WORK TASK
Your task is to copy all of the entries exactly as they are given.

Saved entries:
(* Let $H\in\mathbb{C}^{n\times n}$ be PT-symmetric, i.e. there exists a matrix $P\in\mathbb{C}^{n\times n}$ with $P^{2}=I$ such that $P\bar{H}=HP$, where $\bar{H}$ is the entrywise complex conjugate of $H$. Then $H$ is pseudo-Hermitian, i.e. there exist a non-singular Hermitian matrix $G\in\mathbb{C}^{n\times n}$ and a Hermitian matrix $S\in\mathbb{C}^{n\times n}$ such that $H=-G^{-1}S$. This holds regardless of whether $H$ is diagonalizable.
   Context: Here $P$ is a (complex-linear) matrix representing a parity operator and $T$ is complex conjugation; the condition $PTH=HPT$ is equivalent to $P\bar{H}-HP=0$. Equivalently, with $A=-iH$, pseudo-Hermiticity of $H$ means $A=iG^{-1}S$ for some non-singular Hermitian $G$ and Hermitian $S$. *)

theory Defs
  imports "HOL-Analysis.Analysis"
begin

definition mat_cnj :: "complex^'n^'m \<Rightarrow> complex^'n^'m" where
  "mat_cnj A = (\<chi> i j. cnj (A $ i $ j))"

definition mat_adjoint :: "complex^'n^'m \<Rightarrow> complex^'m^'n" where
  "mat_adjoint A = transpose (mat_cnj A)"

definition hermitian :: "complex^'n^'n \<Rightarrow> bool" where
  "hermitian A \<longleftrightarrow> mat_adjoint A = A"

end

theory Submission
  imports Defs "Jordan_Normal_Form.Jordan_Normal_Form_Existence"
begin

text \<open>
  Every complex square matrix is similar to its transpose (Jordan normal form), so the
  PT-symmetry \<open>P conj(H) P\<^sup>-\<^sup>1 = H\<close> yields an invertible \<open>X\<close> with \<open>X H = H\<^sup>* X\<close>.
  Taking adjoints, \<open>X\<^sup>*\<close> intertwines \<open>H\<close> and \<open>H\<^sup>*\<close> in the same way, hence so does every
  linear combination of \<open>X\<close> and \<open>X\<^sup>*\<close>. The family
  \<open>G(z) = (1/2 + z/(2i)) X + (1/2 - z/(2i)) X\<^sup>*\<close> is Hermitian for real \<open>z\<close> and equals \<open>X\<close>
  at \<open>z = i\<close>, so its determinant is a non-zero polynomial in \<open>z\<close> and some real \<open>G(t)\<close> is
  invertible. With \<open>G = G(t)\<close> and \<open>S = - G H\<close>, the matrix \<open>S\<close> is Hermitian because
  \<open>G H = H\<^sup>* G\<close>, and \<open>H = - G\<^sup>-\<^sup>1 S\<close>.
\<close>

definition reversal_mat :: "nat \<Rightarrow> 'a::semiring_1 mat" where
  "reversal_mat n = Matrix.mat n n (\<lambda>(i,j). if j = n - 1 - i then 1 else 0)"

lemma reversal_mat_carrier[simp]: "reversal_mat n \<in> carrier_mat n n"
  unfolding reversal_mat_def by auto

lemma dim_reversal_mat[simp]: "dim_row (reversal_mat n) = n" "dim_col (reversal_mat n) = n"
  unfolding reversal_mat_def by auto

lemma reversal_mat_mult_left:
  assumes B: "B \<in> carrier_mat n m" and i: "i < n" and j: "j < m"
  shows "(reversal_mat n * B) $$ (i,j) = B $$ (n - 1 - i, j)"
proof -
  have "(reversal_mat n * B) $$ (i,j) = (\<Sum>k\<in>{0..<n}. (if k = n - 1 - i then 1 else 0) * B $$ (k,j))"
    using B i j by (simp add: reversal_mat_def scalar_prod_def)
  also have "\<dots> = (\<Sum>k\<in>{0..<n}. if k = n - 1 - i then B $$ (k,j) else 0)"
    by (rule sum.cong) auto
  also have "\<dots> = B $$ (n - 1 - i, j)"
    using i by simp
  finally show ?thesis .
qed

lemma reversal_mat_mult_right:
  assumes B: "B \<in> carrier_mat m n" and i: "i < m" and j: "j < n"
  shows "(B * reversal_mat n) $$ (i,j) = B $$ (i, n - 1 - j)"
proof -
  have "(B * reversal_mat n) $$ (i,j) = (\<Sum>k\<in>{0..<n}. B $$ (i,k) * (if j = n - 1 - k then 1 else 0))"
    using B i j by (simp add: reversal_mat_def scalar_prod_def)
  also have "\<dots> = (\<Sum>k\<in>{0..<n}. if k = n - 1 - j then B $$ (i,k) else 0)"
    using j by (intro sum.cong) auto
  also have "\<dots> = B $$ (i, n - 1 - j)"
    using j by simp
  finally show ?thesis .
qed

lemma reversal_mat_squared: "reversal_mat n * reversal_mat n = (1\<^sub>m n :: 'a::semiring_1 mat)"
proof (rule eq_matI)
  fix i j
  assume "i < dim_row (1\<^sub>m n :: 'a mat)" "j < dim_col (1\<^sub>m n :: 'a mat)"
  then show "(reversal_mat n * reversal_mat n) $$ (i,j) = (1\<^sub>m n :: 'a mat) $$ (i,j)"
    by (subst reversal_mat_mult_left[of _ n n]) (auto simp: reversal_mat_def)
qed auto

lemma similar_mat_transpose_jordan_block:
  "similar_mat (transpose_mat (jordan_block n a)) (jordan_block n (a::'a::comm_ring_1))"
proof -
  have "transpose_mat (jordan_block n a) = reversal_mat n * jordan_block n a * reversal_mat n"
  proof (rule eq_matI)
    fix i j
    assume "i < dim_row (reversal_mat n * jordan_block n a * reversal_mat n)"
      and "j < dim_col (reversal_mat n * jordan_block n a * reversal_mat n)"
    then have ij: "i < n" "j < n"
      by auto
    have "(reversal_mat n * jordan_block n a * reversal_mat n) $$ (i,j)
        = (reversal_mat n * jordan_block n a) $$ (i, n - 1 - j)"
      using ij by (intro reversal_mat_mult_right[where m=n]) auto
    also have "\<dots> = jordan_block n a $$ (n - 1 - i, n - 1 - j)"
      using ij by (intro reversal_mat_mult_left[where m=n]) auto
    finally show "transpose_mat (jordan_block n a) $$ (i,j)
        = (reversal_mat n * jordan_block n a * reversal_mat n) $$ (i,j)"
      using ij by auto
  qed auto
  then show ?thesis
    by (intro similar_matI[of _ _ "reversal_mat n" "reversal_mat n" n])
      (auto simp: reversal_mat_squared)
qed

lemma transpose_diag_block_mat:
  "transpose_mat (diag_block_mat As) = diag_block_mat (map transpose_mat (As :: 'a::zero mat list))"
proof (induct As)
  case Nil
  then show ?case by auto
next
  case (Cons A As)
  let ?B = "diag_block_mat As"
  have "transpose_mat (diag_block_mat (A # As)) =
    four_block_mat (transpose_mat A) (transpose_mat (0\<^sub>m (dim_row ?B) (dim_col A)))
      (transpose_mat (0\<^sub>m (dim_row A) (dim_col ?B))) (transpose_mat ?B)"
    unfolding diag_block_mat.simps Let_def by (rule transpose_four_block_mat) auto
  also have "\<dots> = diag_block_mat (map transpose_mat (A # As))"
    using Cons by (simp add: Let_def dim_diag_block_mat o_def)
  finally show ?case .
qed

YOUR SOLUTION
(* Let $H\in\mathbb{C}^{n\times n}$ be PT-symmetric, i.e. there exists a matrix $P\in\mathbb{C}^{n\times n}$ with $P^{2}=I$ such that $P\bar{H}=HP$, where $\bar{H}$ is the entrywise complex conjugate of $H$. Then $H$ is pseudo-Hermitian, i.e. there exist a non-singular Hermitian matrix $G\in\mathbb{C}^{n\times n}$ and a Hermitian matrix $S\in\mathbb{C}^{n\times n}$ such that $H=-G^{-1}S$. This holds regardless of whether $H$ is diagonalizable.
   Context: Here $P$ is a (complex-linear) matrix representing a parity operator and $T$ is complex conjugation; the condition $PTH=HPT$ is equivalent to $P\bar{H}-HP=0$. Equivalently, with $A=-iH$, pseudo-Hermiticity of $H$ means $A=iG^{-1}S$ for some non-singular Hermitian $G$ and Hermitian $S$. *)

theory Defs
  imports "HOL-Analysis.Analysis"
begin

definition mat_cnj :: "complex^'n^'m \<Rightarrow> complex^'n^'m" where
  "mat_cnj A = (\<chi> i j. cnj (A $ i $ j))"

definition mat_adjoint :: "complex^'n^'m \<Rightarrow> complex^'m^'n" where
  "mat_adjoint A = transpose (mat_cnj A)"

definition hermitian :: "complex^'n^'n \<Rightarrow> bool" where
  "hermitian A \<longleftrightarrow> mat_adjoint A = A"

end

theory Submission
  imports Defs "Jordan_Normal_Form.Jordan_Normal_Form_Existence"
begin

text \<open>
  Every complex square matrix is similar to its transpose (Jordan normal form), so the
  PT-symmetry \<open>P conj(H) P\<^sup>-\<^sup>1 = H\<close> yields an invertible \<open>X\<close> with \<open>X H = H\<^sup>* X\<close>.
  Taking adjoints, \<open>X\<^sup>*\<close> intertwines \<open>H\<close> and \<open>H\<^sup>*\<close> in the same way, hence so does every
  linear combination of \<open>X\<close> and \<open>X\<^sup>*\<close>. The family
  \<open>G(z) = (1/2 + z/(2i)) X + (1/2 - z/(2i)) X\<^sup>*\<close> is Hermitian for real \<open>z\<close> and equals \<open>X\<close>
  at \<open>z = i\<close>, so its determinant is a non-zero polynomial in \<open>z\<close> and some real \<open>G(t)\<close> is
  invertible. With \<open>G = G(t)\<close> and \<open>S = - G H\<close>, the matrix \<open>S\<close> is Hermitian because
  \<open>G H = H\<^sup>* G\<close>, and \<open>H = - G\<^sup>-\<^sup>1 S\<close>.
\<close>

definition reversal_mat :: "nat \<Rightarrow> 'a::semiring_1 mat" where
  "reversal_mat n = Matrix.mat n n (\<lambda>(i,j). if j = n - 1 - i then 1 else 0)"

lemma reversal_mat_carrier[simp]: "reversal_mat n \<in> carrier_mat n n"
  unfolding reversal_mat_def by auto

lemma dim_reversal_mat[simp]: "dim_row (reversal_mat n) = n" "dim_col (reversal_mat n) = n"
  unfolding reversal_mat_def by auto

lemma reversal_mat_mult_left:
  assumes B: "B \<in> carrier_mat n m" and i: "i < n" and j: "j < m"
  shows "(reversal_mat n * B) $$ (i,j) = B $$ (n - 1 - i, j)"
proof -
  have "(reversal_mat n * B) $$ (i,j) = (\<Sum>k\<in>{0..<n}. (if k = n - 1 - i then 1 else 0) * B $$ (k,j))"
    using B i j by (simp add: reversal_mat_def scalar_prod_def)
  also have "\<dots> = (\<Sum>k\<in>{0..<n}. if k = n - 1 - i then B $$ (k,j) else 0)"
    by (rule sum.cong) auto
  also have "\<dots> = B $$ (n - 1 - i, j)"
    using i by simp
  finally show ?thesis .
qed

lemma reversal_mat_mult_right:
  assumes B: "B \<in> carrier_mat m n" and i: "i < m" and j: "j < n"
  shows "(B * reversal_mat n) $$ (i,j) = B $$ (i, n - 1 - j)"
proof -
  have "(B * reversal_mat n) $$ (i,j) = (\<Sum>k\<in>{0..<n}. B $$ (i,k) * (if j = n - 1 - k then 1 else 0))"
    using B i j by (simp add: reversal_mat_def scalar_prod_def)
  also have "\<dots> = (\<Sum>k\<in>{0..<n}. if k = n - 1 - j then B $$ (i,k) else 0)"
    using j by (intro sum.cong) auto
  also have "\<dots> = B $$ (i, n - 1 - j)"
    using j by simp
  finally show ?thesis .
qed

lemma reversal_mat_squared: "reversal_mat n * reversal_mat n = (1\<^sub>m n :: 'a::semiring_1 mat)"
proof (rule eq_matI)
  fix i j
  assume "i < dim_row (1\<^sub>m n :: 'a mat)" "j < dim_col (1\<^sub>m n :: 'a mat)"
  then show "(reversal_mat n * reversal_mat n) $$ (i,j) = (1\<^sub>m n :: 'a mat) $$ (i,j)"
    by (subst reversal_mat_mult_left[of _ n n]) (auto simp: reversal_mat_def)
qed auto

lemma similar_mat_transpose_jordan_block:
  "similar_mat (transpose_mat (jordan_block n a)) (jordan_block n (a::'a::comm_ring_1))"
proof -
  have "transpose_mat (jordan_block n a) = reversal_mat n * jordan_block n a * reversal_mat n"
  proof (rule eq_matI)
    fix i j
    assume "i < dim_row (reversal_mat n * jordan_block n a * reversal_mat n)"
      and "j < dim_col (reversal_mat n * jordan_block n a * reversal_mat n)"
    then have ij: "i < n" "j < n"
      by auto
    have "(reversal_mat n * jordan_block n a * reversal_mat n) $$ (i,j)
        = (reversal_mat n * jordan_block n a) $$ (i, n - 1 - j)"
      using ij by (intro reversal_mat_mult_right[where m=n]) auto
    also have "\<dots> = jordan_block n a $$ (n - 1 - i, n - 1 - j)"
      using ij by (intro reversal_mat_mult_left[where m=n]) auto
    finally show "transpose_mat (jordan_block n a) $$ (i,j)
        = (reversal_mat n * jordan_block n a * reversal_mat n) $$ (i,j)"
      using ij by auto
  qed auto
  then show ?thesis
    by (intro similar_matI[of _ _ "reversal_mat n" "reversal_mat n" n])
      (auto simp: reversal_mat_squared)
qed

lemma transpose_diag_block_mat:
  "transpose_mat (diag_block_mat As) = diag_block_mat (map transpose_mat (As :: 'a::zero mat list))"
proof (induct As)
  case Nil
  then show ?case by auto
next
  case (Cons A As)
  let ?B = "diag_block_mat As"
  have "transpose_mat (diag_block_mat (A # As)) =
    four_block_mat (transpose_mat A) (transpose_mat (0\<^sub>m (dim_row ?B) (dim_col A)))
      (transpose_mat (0\<^sub>m (dim_row A) (dim_col ?B))) (transpose_mat ?B)"
    unfolding diag_block_mat.simps Let_def by (rule transpose_four_block_mat) auto
  also have "\<dots> = diag_block_mat (map transpose_mat (A # As))"
    using Cons by (simp add: Let_def dim_diag_block_mat o_def)
  finally show ?case .
qed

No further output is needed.